[DATA FOR PROCESSING Boundary: Start]
lemma linearized_det_Dmat:
  assumes "i < n"
  shows "linearized q (det (Dmat q n g i))"
proof -
  define D where "D = Dmat q n g i"
  have D: "D \<in> carrier_mat n n" by (simp add: D_def Dmat_def)
  (* Expanding along the last column, whose entries are x^[j], all cofactors are constants. *)
  have cof: "degree (cofactor D j (n - 1)) = 0" if "j < n" for j
  proof -
    have "degree (det (mat_delete D j (n - 1))) \<le> 0 * (n - 1)"
      using assms by (intro degree_det_le mat_delete_carrier[OF D])
        (auto simp: D_def mat_delete_def Dmat_def Let_def)
    moreover have "degree ((-1) ^ (j + (n - 1)) :: 'a poly) = 0"
      using degree_power_le[of "-1::'a poly" "j + (n - 1)"] by simp
    ultimately show ?thesis
      using degree_mult_le[of "(-1) ^ (j + (n - 1))" "det (mat_delete D j (n - 1))"]
      by (simp add: cofactor_def)
  qed
  have "det D = (\<Sum>j<n. D $$ (j, n - 1) * cofactor D j (n - 1))"
    using assms by (intro laplace_expansion_column[OF D]) simp
  also have "\<dots> = (\<Sum>j<n. monom (coeff (cofactor D j (n - 1)) 0) (q ^ j))"
  proof (intro sum.cong refl)
    fix j assume j: "j \<in> {..<n}"
    moreover have "\<not> n - 1 < i" using assms by simp
    ultimately have "D $$ (j, n - 1) = monom 1 (q ^ j)"
      using assms by (simp add: D_def Dmat_def qmonom_def Let_def)
    thus "D $$ (j, n - 1) * cofactor D j (n - 1) = monom (coeff (cofactor D j (n - 1)) 0) (q ^ j)"
      using cof[of j] j
      by (metis degree_0_id lessThan_iff mult.commute mult_monom add_0 monom_0 mult.left_neutral)
  qed
  finally show ?thesis unfolding D_def by (simp add: linearized_sum linearized_monom)
qed

lemma linearized_Lambda_gr: "linearized q (Lambda_gr q n g r)"
  unfolding Lambda_gr_def by (intro linearized_sum linearized_smult linearized_det_Dmat) simp

context Fqm_field
begin

lemma det_moore_nonzero:
  assumes ind: "Fq_lin_indep q n (g :: nat \<Rightarrow> 'a)"
  shows "det (moore q n g) \<noteq> 0"
proof
  assume "det (moore q n g) = 0"
  (* A kernel vector v of the transpose yields V = \<Sum>j<n. v j x^[j], which vanishes on all g l
     although its degree is below q ^ n. *)
  define M where "M = moore q n g"
  have M: "M \<in> carrier_mat n n" by (simp add: M_def moore_def)
  have "det (transpose_mat M) = 0" using \<open>det (moore q n g) = 0\<close> det_transpose[OF M] by (simp add: M_def)
  then obtain v where v: "v \<in> carrier_vec n" "v \<noteq> 0\<^sub>v n" "transpose_mat M *\<^sub>v v = 0\<^sub>v n"
    using det_0_iff_vec_prod_zero_field[of "transpose_mat M" n] M by auto
  define V where "V = (\<Sum>j<n. monom (v $ j) (q ^ j))"
  have V: "linearized q V" unfolding V_def by (intro linearized_sum linearized_monom)
  have "poly V (g l) = 0" if "l < n" for l
  proof -
    have "(transpose_mat M *\<^sub>v v) $ l = (\<Sum>j<n. v $ j * g l ^ (q ^ j))"
      using that v(1) M by (simp add: scalar_prod_def M_def moore_def lessThan_atLeast0 mult.commute)
    thus ?thesis using v(3) that by (simp add: V_def poly_sum poly_monom)
  qed
  hence vanish: "\<forall>x\<in>Fq_span q n g. poly V x = 0"
    using poly_linearized_vanishes_on_Fq_span[OF V] by blast
  have coeff_V: "coeff V k = (\<Sum>j<n. if q ^ j = k then v $ j else 0)" for k
    unfolding V_def by (simp add: coeff_sum)
  obtain j where j: "j < n" "v $ j \<noteq> 0"
    using v(1,2) by (metis eq_vecI index_zero_vec(1,2) carrier_vecD)
  have "coeff V (q ^ j) = v $ j"
    unfolding coeff_V using j(1) q_gt_1 by simp
  hence "V \<noteq> 0" using j by auto
  have "\<forall>k>q ^ n - 1. coeff V k = 0"
  proof (intro allI impI)
    fix k assume "k > q ^ n - 1"
    moreover have "0 < q ^ n" using q_gt_1 by simp
    ultimately have "q ^ j' \<noteq> k" if "j' < n" for j'
      using that q_gt_1 power_strict_increasing[of j' n q] by linarith
    thus "coeff V k = 0" unfolding coeff_V by simp
  qed
  hence "degree V \<le> q ^ n - 1" by (rule degree_le)
  moreover have "0 < q ^ n" using q_gt_1 by simp
  ultimately have "degree V < q ^ n" by linarith
  moreover have "q ^ n \<le> degree V"
    using card_le_degree_if_roots[OF \<open>V \<noteq> 0\<close> vanish] card_Fq_span[OF ind] by simp
  ultimately show False by simp
qed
[DATA FOR PROCESSING Boundary: End]
PROBLEM STATEMENT: In the entries above, some lines hold the string "that". Copy each of them.

ANSWER SPACE:
      using that v(1) M by (simp add: scalar_prod_def M_def moore_def lessThan_atLeast0 mult.commute)
    thus ?thesis using v(3) that by (simp add: V_def poly_sum poly_monom)
      using that q_gt_1 power_strict_increasing[of j' n q] by linarith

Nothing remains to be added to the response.